• _Materials provided_
lemma position_rank_less:
  assumes "precedes xs i j" "i < length xs"
  shows "position_rank xs i < position_rank xs j"
proof -
  have "{l. l < length xs \<and> precedes xs l i} \<subset> {l. l < length xs \<and> precedes xs l j}"
    using assms precedes_trans[of xs _ i j] precedes_irrefl[of xs i] by blast
  then show ?thesis
    unfolding position_rank_def by (intro psubset_card_mono) auto
qed

lemma bij_betw_position_rank: "bij_betw (position_rank xs) {..<length xs} {..<length xs}"
proof -
  have inj: "inj_on (position_rank xs) {..<length xs}"
  proof (rule inj_onI)
    fix i j assume "i \<in> {..<length xs}" "j \<in> {..<length xs}" "position_rank xs i = position_rank xs j"
    then show "i = j"
      using position_rank_less[of xs i j] position_rank_less[of xs j i] precedes_total[of i j xs]
      by auto
  qed
  have "position_rank xs j < length xs" if "j < length xs" for j
  proof -
    have "position_rank xs j \<le> card ({..<length xs} - {j})"
      unfolding position_rank_def by (intro card_mono) (auto simp: precedes_irrefl)
    then show ?thesis using that by simp
  qed
  then have "position_rank xs ` {..<length xs} \<subseteq> {..<length xs}" by auto
  moreover have "card (position_rank xs ` {..<length xs}) = length xs"
    using card_image[OF inj] by simp
  ultimately have "position_rank xs ` {..<length xs} = {..<length xs}"
    by (intro card_subset_eq) auto
  with inj show ?thesis by (simp add: bij_betw_def)
qed

lemma lowest_subset: "lowest xs m \<subseteq> {..<length xs}"
  by (auto simp: lowest_def)

lemma card_lowest:
  assumes "m \<le> length xs"
  shows "card (lowest xs m) = m"
proof -
  have "bij_betw (position_rank xs) (lowest xs m) {..<m}"
    using bij_betw_subset[OF bij_betw_position_rank, of "lowest xs m" xs] assms
      bij_betw_position_rank[of xs]
    by (auto simp: lowest_def bij_betw_def image_iff)
  then show ?thesis by (simp add: bij_betw_same_card)
qed

lemma lowest_length: "lowest xs (length xs) = {..<length xs}"
  using card_lowest[of "length xs" xs] lowest_subset[of xs "length xs"]
  by (intro card_subset_eq) auto

lemma lowest_0: "lowest xs 0 = {}"
  by (simp add: lowest_def)

lemma lowest_downward_closed:
  assumes "j \<in> lowest xs m" "i < length xs" "precedes xs i j"
  shows "i \<in> lowest xs m"
  using assms position_rank_less[of xs i j] by (auto simp: lowest_def)

lemma card_less_lt_of_sample_count:
  assumes I: "I \<subseteq> {..<length xs}" and "m \<le> length xs"
    and "i \<le> card (I \<inter> lowest xs m)" and "card {j \<in> I. xs ! j < y} < i"
  shows "card {j. j < length xs \<and> xs ! j < y} < m"
proof -
  have "finite I" using I finite_subset by blast
  have "\<not> I \<inter> lowest xs m \<subseteq> {j \<in> I. xs ! j < y}"
    using assms card_mono[of "{j \<in> I. xs ! j < y}" "I \<inter> lowest xs m"] \<open>finite I\<close> by fastforce
  then obtain j0 where j0: "j0 \<in> I" "j0 \<in> lowest xs m" "\<not> xs ! j0 < y" by blast
  have "{j. j < length xs \<and> xs ! j < y} \<subseteq> lowest xs m - {j0}"
    using j0 lowest_downward_closed[OF j0(2)] by (auto simp: precedes_def not_less intro: less_le_trans)
  then have "card {j. j < length xs \<and> xs ! j < y} \<le> card (lowest xs m - {j0})"
    by (intro card_mono) (auto intro: finite_subset[OF lowest_subset])
  also have "\<dots> < card (lowest xs m)"
    using j0 by (intro card_Diff1_less) (auto intro: finite_subset[OF lowest_subset])
  also have "\<dots> = m"
    using card_lowest[OF \<open>m \<le> length xs\<close>] .
  finally show ?thesis .
qed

• _Exercise requirements_
Transcribe exactly the line containing "using card_lowest[OF \<open>m" along with all later lines of the material, through its last line. Add nothing.

• _Output for this task_
    using card_lowest[OF \<open>m \<le> length xs\<close>] .
  finally show ?thesis .
qed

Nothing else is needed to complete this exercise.